— Task directions —
From the records below, transcribe exactly the lines that begin at the line with "then obtain \<mu>" and end at the line with "(\<mu> n)) \<le>", both included.
───── Given data
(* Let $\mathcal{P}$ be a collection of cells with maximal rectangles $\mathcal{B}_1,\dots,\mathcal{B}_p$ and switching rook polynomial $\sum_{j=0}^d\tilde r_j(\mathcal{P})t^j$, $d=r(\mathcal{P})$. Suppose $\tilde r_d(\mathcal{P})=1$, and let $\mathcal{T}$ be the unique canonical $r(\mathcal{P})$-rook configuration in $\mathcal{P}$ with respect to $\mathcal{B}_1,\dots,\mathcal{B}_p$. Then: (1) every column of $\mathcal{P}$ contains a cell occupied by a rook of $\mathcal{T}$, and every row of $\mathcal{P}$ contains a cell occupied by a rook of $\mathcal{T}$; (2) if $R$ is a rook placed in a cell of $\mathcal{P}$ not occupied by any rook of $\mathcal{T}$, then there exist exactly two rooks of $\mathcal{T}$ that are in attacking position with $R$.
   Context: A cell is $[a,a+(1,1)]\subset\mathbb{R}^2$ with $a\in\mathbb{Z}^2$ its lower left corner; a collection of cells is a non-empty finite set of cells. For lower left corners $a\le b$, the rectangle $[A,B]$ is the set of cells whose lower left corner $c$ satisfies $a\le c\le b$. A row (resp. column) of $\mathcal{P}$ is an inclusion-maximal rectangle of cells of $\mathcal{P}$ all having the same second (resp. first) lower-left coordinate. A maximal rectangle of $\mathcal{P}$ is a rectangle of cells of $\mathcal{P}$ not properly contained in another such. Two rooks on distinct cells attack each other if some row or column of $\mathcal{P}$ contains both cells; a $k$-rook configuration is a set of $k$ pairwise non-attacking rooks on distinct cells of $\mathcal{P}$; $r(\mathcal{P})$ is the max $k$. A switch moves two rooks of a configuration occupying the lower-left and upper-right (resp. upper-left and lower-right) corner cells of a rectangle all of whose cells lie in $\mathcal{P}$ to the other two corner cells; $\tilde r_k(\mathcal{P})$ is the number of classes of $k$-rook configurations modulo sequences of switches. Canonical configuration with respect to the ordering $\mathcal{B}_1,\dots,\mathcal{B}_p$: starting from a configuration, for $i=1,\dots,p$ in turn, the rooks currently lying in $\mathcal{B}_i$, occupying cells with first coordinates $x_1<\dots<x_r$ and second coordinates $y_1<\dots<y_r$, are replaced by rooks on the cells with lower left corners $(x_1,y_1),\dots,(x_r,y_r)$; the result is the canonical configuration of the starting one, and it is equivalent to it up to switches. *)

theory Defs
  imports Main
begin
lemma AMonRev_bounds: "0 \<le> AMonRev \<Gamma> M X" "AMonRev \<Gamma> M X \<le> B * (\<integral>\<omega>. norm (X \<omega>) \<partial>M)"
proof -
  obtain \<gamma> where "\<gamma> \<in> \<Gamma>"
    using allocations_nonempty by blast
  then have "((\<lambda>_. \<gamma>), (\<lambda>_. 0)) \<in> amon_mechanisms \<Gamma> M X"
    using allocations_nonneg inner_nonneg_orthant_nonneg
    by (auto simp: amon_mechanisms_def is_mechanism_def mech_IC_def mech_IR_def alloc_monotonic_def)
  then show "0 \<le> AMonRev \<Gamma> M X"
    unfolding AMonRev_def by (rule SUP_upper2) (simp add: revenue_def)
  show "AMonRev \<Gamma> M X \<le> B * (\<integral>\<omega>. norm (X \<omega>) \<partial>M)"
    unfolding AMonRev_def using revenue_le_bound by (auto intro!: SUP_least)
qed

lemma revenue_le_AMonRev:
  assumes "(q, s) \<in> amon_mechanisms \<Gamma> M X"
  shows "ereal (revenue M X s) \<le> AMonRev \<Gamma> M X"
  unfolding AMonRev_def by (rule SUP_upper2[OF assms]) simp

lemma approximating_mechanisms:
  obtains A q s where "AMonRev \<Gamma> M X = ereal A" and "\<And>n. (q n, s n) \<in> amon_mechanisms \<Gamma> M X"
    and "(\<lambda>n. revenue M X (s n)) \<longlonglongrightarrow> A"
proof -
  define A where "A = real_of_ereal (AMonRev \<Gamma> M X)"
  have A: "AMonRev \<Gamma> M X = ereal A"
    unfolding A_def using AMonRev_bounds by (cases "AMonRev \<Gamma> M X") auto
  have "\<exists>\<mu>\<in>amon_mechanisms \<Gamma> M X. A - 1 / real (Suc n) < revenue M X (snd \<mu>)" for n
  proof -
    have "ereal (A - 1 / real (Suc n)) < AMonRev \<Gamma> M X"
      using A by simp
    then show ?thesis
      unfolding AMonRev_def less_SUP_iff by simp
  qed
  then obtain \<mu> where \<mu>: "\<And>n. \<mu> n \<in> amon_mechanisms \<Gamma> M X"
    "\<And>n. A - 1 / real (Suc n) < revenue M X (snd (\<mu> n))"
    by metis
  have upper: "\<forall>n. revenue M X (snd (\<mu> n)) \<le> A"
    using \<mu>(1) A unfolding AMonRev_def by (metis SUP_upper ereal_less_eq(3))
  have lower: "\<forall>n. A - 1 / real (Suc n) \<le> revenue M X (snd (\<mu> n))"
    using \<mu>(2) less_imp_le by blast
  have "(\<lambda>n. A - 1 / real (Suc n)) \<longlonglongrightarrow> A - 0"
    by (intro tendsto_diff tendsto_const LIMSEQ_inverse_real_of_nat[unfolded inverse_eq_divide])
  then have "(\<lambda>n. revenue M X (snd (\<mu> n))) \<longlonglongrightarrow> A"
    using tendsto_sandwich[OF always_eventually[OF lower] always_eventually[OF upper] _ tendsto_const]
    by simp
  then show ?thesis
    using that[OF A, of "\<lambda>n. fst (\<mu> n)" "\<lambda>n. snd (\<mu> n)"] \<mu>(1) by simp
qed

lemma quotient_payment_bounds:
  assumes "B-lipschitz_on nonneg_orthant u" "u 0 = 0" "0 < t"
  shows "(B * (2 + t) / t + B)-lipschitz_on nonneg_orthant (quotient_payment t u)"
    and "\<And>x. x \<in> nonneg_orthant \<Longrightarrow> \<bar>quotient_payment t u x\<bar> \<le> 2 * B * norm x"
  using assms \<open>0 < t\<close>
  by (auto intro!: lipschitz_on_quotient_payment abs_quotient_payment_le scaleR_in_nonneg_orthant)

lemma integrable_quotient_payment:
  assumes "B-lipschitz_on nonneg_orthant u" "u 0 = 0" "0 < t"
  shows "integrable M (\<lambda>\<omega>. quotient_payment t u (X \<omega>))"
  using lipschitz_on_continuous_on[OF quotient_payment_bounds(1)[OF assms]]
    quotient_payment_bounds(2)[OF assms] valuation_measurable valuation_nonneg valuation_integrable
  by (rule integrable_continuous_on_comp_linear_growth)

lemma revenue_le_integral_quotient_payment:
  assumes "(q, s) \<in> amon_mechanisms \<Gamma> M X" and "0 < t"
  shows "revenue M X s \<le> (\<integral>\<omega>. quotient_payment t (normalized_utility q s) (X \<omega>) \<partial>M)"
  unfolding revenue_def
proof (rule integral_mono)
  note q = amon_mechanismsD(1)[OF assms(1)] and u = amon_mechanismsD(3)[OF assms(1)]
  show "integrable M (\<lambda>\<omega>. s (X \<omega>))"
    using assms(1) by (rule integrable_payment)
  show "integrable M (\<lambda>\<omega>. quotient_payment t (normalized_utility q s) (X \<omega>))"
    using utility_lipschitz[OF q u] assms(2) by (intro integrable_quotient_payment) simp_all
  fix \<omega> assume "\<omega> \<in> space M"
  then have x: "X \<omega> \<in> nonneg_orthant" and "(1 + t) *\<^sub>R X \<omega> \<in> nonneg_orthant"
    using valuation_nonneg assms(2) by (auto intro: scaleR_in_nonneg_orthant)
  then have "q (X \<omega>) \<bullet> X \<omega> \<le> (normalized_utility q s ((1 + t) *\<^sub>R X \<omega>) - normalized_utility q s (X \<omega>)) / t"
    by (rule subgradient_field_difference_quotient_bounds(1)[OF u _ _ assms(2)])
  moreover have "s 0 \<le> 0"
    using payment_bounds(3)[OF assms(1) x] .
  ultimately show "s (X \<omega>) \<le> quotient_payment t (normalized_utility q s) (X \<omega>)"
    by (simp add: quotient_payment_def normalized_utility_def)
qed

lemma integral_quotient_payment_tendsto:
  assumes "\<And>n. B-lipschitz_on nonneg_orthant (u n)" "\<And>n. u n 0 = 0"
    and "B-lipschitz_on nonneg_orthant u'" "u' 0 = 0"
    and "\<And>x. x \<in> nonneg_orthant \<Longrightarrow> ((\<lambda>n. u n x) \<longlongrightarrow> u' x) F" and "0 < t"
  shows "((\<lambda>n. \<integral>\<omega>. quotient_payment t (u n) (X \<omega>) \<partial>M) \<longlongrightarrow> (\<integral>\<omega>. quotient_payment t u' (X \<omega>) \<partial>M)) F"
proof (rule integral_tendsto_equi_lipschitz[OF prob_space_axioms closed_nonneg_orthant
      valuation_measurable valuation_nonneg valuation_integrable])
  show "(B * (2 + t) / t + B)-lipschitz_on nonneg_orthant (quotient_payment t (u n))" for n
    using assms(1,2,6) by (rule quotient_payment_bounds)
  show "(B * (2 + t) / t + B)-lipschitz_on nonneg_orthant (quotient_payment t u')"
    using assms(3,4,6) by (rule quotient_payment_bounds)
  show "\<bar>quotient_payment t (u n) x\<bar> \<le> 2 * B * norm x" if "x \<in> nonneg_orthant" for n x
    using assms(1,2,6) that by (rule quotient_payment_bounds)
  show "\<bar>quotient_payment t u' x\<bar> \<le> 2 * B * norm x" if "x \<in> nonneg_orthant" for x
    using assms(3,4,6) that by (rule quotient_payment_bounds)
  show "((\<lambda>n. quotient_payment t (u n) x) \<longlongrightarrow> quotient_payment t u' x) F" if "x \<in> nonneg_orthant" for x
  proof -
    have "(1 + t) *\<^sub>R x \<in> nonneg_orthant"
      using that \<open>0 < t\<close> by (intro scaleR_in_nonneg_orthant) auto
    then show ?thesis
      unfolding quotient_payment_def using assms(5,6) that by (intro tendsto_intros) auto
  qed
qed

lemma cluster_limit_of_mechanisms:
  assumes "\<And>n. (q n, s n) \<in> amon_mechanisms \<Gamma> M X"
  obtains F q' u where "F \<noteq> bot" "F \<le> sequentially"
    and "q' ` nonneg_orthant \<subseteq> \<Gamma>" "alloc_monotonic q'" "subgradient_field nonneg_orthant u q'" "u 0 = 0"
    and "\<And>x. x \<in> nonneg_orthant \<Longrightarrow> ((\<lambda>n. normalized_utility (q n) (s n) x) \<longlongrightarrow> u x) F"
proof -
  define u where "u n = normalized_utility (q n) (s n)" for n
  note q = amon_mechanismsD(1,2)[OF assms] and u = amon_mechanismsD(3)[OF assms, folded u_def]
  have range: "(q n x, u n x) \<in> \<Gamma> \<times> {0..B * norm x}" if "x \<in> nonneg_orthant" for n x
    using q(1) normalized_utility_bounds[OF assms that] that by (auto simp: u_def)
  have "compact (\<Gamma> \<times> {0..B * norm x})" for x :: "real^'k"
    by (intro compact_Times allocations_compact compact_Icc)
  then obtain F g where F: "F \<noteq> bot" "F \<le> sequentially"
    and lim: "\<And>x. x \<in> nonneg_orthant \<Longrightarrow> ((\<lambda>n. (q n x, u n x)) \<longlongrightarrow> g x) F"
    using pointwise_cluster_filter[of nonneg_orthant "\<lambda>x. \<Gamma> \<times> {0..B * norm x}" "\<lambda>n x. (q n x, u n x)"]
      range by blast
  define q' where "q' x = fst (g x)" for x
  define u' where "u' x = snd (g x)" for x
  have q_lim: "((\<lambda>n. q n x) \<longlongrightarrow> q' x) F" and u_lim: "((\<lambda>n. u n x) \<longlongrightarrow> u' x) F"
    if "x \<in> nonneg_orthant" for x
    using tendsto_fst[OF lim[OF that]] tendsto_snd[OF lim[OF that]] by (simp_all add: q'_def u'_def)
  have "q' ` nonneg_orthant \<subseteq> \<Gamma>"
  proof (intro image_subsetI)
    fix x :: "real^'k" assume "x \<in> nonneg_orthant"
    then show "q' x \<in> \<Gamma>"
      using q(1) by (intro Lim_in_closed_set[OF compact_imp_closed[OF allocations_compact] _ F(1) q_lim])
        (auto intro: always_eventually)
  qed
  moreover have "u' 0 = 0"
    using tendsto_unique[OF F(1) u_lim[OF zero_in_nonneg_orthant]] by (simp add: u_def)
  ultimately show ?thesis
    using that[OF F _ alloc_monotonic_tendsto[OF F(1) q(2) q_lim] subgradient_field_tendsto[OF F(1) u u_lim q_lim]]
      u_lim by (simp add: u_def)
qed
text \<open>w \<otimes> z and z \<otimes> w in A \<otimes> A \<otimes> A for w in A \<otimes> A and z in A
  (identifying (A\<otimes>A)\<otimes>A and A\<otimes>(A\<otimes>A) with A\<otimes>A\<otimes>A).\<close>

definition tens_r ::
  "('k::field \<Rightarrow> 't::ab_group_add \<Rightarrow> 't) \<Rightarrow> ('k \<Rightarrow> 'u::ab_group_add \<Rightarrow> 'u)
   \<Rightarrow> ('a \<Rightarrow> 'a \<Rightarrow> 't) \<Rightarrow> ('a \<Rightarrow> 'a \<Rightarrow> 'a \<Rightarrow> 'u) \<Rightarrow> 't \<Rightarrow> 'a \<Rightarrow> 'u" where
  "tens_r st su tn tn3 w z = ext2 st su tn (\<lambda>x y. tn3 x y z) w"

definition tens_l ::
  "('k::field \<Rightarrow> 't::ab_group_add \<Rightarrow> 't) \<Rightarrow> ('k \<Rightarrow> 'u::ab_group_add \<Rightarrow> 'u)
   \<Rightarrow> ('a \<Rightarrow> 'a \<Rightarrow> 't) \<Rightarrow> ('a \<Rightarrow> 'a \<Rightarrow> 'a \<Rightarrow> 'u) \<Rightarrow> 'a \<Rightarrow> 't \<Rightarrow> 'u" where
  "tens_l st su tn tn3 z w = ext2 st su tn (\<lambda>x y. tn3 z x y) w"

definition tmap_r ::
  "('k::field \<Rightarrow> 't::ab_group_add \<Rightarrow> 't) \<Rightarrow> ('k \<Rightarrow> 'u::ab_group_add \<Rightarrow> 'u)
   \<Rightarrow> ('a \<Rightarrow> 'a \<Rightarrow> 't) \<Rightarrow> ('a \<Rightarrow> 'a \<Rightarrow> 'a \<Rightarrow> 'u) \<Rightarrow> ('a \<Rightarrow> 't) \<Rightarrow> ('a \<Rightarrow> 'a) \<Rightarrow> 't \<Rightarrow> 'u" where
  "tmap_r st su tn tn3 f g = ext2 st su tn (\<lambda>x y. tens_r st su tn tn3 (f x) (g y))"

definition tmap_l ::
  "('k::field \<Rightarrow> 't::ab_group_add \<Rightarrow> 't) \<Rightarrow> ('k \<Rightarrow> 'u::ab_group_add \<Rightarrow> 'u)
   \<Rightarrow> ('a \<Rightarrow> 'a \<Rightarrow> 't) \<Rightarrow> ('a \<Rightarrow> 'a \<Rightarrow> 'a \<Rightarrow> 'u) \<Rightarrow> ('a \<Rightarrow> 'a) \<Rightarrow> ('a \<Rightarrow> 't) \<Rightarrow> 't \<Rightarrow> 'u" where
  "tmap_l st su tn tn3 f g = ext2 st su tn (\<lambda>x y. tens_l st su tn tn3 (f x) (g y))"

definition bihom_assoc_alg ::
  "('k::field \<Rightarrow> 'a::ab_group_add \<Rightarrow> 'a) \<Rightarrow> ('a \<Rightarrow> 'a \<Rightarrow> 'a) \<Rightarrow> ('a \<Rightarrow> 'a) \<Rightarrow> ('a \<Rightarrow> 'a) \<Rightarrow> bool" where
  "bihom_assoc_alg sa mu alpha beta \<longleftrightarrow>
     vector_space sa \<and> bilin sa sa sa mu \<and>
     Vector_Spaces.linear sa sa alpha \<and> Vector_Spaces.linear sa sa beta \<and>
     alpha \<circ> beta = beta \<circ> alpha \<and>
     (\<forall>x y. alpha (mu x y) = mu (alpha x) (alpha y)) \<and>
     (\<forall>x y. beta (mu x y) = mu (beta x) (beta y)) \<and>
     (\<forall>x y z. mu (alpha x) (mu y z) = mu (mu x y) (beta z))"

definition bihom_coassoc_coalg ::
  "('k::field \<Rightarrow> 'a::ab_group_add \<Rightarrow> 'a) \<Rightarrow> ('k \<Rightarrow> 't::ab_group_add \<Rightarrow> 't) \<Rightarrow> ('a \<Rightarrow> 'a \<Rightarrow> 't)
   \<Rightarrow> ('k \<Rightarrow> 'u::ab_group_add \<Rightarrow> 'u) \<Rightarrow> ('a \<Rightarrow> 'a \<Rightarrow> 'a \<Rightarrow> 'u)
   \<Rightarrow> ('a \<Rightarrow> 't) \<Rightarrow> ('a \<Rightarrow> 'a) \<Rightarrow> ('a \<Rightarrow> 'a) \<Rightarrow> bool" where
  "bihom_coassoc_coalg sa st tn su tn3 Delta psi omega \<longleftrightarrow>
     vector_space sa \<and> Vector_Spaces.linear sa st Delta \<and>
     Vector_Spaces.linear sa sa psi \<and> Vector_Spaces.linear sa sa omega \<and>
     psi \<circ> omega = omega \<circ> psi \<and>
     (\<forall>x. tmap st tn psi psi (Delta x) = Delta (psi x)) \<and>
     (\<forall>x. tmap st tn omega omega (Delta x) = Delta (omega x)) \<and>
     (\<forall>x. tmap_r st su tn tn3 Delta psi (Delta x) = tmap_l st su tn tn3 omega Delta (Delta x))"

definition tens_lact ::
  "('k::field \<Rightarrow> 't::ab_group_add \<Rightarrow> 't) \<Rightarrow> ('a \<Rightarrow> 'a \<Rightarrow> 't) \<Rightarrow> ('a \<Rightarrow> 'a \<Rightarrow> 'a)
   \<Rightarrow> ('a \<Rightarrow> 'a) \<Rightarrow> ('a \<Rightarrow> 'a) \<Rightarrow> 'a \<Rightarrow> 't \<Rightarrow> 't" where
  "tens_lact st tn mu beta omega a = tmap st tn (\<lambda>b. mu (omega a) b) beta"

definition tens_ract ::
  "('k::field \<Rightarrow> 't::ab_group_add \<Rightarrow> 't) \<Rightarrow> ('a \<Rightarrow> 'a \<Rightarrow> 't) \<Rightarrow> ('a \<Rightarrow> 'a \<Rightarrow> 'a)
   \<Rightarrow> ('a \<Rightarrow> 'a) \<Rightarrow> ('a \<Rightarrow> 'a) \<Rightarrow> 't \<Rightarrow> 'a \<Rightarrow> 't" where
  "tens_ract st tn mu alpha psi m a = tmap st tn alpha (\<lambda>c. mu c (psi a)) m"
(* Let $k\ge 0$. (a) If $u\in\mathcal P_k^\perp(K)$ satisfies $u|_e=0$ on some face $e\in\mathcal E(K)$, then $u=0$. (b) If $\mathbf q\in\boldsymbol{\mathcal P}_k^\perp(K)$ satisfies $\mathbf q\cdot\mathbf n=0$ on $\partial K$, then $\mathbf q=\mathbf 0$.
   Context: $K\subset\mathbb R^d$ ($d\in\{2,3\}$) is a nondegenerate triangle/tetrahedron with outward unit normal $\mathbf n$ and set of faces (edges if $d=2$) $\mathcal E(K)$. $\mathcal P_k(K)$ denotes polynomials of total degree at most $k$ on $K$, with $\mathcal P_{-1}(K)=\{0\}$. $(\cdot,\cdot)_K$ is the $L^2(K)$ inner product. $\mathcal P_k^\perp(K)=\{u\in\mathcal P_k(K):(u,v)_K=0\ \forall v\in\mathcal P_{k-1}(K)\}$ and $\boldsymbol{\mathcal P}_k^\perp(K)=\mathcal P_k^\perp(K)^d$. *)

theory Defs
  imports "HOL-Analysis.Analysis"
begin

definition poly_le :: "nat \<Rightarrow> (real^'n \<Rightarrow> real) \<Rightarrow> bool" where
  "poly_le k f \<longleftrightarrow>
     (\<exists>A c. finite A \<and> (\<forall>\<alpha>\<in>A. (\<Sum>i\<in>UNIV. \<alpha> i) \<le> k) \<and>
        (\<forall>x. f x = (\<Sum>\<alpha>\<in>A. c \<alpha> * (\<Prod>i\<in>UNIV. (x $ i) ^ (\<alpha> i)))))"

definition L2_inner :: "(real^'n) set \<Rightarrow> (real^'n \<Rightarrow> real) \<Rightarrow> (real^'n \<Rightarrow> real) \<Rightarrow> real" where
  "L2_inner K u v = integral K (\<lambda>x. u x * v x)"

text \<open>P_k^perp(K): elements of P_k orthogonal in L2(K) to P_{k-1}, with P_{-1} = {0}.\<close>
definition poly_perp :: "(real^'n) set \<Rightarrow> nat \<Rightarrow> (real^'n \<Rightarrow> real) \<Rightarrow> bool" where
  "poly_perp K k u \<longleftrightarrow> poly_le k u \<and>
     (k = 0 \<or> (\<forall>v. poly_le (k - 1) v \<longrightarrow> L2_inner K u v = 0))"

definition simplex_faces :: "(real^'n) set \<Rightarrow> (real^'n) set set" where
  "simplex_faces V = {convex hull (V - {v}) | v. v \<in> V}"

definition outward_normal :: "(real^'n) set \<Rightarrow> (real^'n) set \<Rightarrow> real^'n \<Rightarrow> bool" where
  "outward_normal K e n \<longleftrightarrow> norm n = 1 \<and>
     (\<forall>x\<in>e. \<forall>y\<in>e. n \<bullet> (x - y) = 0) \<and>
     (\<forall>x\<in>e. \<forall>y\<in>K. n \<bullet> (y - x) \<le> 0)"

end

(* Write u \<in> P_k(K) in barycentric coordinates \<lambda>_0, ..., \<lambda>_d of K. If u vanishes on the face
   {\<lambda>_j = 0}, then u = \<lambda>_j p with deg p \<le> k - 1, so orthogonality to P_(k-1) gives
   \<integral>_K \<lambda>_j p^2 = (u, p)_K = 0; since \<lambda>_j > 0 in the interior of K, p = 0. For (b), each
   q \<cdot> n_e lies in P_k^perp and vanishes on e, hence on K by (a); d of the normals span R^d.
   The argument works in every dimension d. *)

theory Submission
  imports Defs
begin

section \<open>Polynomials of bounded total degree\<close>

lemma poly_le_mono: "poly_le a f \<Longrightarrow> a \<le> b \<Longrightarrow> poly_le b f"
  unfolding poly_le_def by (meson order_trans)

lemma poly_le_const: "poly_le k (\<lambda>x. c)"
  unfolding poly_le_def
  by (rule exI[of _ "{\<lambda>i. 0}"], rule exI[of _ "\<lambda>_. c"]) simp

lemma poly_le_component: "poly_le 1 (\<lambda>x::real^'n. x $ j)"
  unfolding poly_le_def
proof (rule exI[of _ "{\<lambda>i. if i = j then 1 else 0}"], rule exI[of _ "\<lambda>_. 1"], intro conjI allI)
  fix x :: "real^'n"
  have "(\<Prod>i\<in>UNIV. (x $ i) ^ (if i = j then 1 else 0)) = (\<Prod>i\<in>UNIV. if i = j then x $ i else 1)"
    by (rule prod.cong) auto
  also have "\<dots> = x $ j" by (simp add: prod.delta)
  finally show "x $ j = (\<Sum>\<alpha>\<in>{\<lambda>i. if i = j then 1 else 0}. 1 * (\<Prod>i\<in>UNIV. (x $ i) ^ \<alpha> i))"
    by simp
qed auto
──────────
— Finished exercise —
  then obtain \<mu> where \<mu>: "\<And>n. \<mu> n \<in> amon_mechanisms \<Gamma> M X"
    "\<And>n. A - 1 / real (Suc n) < revenue M X (snd (\<mu> n))"
    by metis
  have upper: "\<forall>n. revenue M X (snd (\<mu> n)) \<le> A"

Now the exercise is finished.